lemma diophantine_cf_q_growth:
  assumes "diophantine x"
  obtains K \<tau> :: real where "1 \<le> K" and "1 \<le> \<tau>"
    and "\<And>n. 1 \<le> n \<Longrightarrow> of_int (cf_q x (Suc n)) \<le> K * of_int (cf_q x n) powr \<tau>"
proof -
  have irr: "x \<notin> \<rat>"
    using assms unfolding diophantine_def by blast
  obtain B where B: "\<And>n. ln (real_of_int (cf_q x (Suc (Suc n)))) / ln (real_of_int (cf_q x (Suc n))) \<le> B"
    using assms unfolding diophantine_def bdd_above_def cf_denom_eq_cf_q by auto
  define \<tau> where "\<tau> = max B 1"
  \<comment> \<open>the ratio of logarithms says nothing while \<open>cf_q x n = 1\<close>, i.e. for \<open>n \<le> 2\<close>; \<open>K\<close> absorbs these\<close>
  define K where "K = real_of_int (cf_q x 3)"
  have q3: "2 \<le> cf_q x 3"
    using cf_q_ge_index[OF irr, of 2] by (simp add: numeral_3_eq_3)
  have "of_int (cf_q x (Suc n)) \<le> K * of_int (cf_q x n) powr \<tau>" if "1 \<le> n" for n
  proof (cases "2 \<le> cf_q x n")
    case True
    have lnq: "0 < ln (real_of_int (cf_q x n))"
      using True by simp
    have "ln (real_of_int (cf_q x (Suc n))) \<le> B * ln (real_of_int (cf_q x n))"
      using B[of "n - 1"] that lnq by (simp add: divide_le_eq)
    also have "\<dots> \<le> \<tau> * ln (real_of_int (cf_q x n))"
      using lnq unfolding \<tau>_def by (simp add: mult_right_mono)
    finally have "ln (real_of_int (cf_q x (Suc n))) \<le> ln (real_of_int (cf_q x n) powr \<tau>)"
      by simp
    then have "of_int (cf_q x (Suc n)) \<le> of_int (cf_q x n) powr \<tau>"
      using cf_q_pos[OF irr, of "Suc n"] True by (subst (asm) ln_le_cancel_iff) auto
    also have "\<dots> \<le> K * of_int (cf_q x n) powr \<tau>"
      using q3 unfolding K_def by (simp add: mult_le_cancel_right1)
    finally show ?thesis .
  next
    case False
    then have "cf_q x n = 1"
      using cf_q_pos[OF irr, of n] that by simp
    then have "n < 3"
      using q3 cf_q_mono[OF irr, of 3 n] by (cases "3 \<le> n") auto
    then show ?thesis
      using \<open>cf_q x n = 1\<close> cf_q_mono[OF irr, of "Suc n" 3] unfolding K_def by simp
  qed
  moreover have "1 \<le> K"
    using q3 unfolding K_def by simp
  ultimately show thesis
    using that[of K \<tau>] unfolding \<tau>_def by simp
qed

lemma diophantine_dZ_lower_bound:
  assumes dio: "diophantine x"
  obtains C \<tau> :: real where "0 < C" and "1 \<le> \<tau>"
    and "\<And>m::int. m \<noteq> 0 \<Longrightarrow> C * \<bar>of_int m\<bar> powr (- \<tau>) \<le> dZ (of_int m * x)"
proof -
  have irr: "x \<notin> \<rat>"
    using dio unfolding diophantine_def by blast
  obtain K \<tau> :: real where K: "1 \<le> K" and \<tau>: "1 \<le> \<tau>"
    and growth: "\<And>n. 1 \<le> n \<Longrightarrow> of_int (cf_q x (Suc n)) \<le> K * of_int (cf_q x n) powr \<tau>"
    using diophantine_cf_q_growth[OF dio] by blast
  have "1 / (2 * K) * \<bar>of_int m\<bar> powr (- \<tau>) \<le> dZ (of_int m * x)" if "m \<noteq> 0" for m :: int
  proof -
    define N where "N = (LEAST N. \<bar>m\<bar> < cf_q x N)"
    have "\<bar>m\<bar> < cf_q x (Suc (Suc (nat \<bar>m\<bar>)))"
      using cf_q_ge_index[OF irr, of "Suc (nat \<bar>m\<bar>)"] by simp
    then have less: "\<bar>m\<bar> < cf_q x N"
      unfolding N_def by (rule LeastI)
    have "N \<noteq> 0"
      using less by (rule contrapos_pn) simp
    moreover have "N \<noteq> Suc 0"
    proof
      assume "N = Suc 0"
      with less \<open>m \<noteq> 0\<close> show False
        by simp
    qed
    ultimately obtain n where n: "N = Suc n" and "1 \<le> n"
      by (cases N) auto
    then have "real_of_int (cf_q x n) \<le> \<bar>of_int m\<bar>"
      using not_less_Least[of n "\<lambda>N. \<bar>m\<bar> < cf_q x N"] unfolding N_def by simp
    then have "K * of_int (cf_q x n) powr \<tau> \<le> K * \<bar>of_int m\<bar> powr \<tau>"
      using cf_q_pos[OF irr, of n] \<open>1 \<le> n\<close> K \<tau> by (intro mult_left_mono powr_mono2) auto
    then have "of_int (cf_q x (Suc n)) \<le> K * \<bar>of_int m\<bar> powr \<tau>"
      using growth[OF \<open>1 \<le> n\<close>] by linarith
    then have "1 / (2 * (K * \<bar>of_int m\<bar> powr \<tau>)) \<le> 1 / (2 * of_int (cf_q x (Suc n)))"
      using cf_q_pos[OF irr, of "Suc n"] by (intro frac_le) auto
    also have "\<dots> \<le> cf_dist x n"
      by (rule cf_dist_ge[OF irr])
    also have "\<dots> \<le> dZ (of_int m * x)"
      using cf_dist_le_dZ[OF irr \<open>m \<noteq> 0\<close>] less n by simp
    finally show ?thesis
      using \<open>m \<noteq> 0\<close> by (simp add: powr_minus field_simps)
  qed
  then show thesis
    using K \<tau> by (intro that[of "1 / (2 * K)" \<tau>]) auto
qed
○ ○ ○ ○ ○ ○ ○
■ **Activity**:
Scan the records above. Return every line with "open" in it.

■ **Answer to this task**:
  \<comment> \<open>the ratio of logarithms says nothing while \<open>cf_q x n = 1\<close>, i.e. for \<open>n \<le> 2\<close>; \<open>K\<close> absorbs these\<close>
      using \<open>cf_q x n = 1\<close> cf_q_mono[OF irr, of "Suc n" 3] unfolding K_def by simp
      with less \<open>m \<noteq> 0\<close> show False
      using cf_q_pos[OF irr, of n] \<open>1 \<le> n\<close> K \<tau> by (intro mult_left_mono powr_mono2) auto
      using growth[OF \<open>1 \<le> n\<close>] by linarith
      using cf_dist_le_dZ[OF irr \<open>m \<noteq> 0\<close>] less n by simp
      using \<open>m \<noteq> 0\<close> by (simp add: powr_minus field_simps)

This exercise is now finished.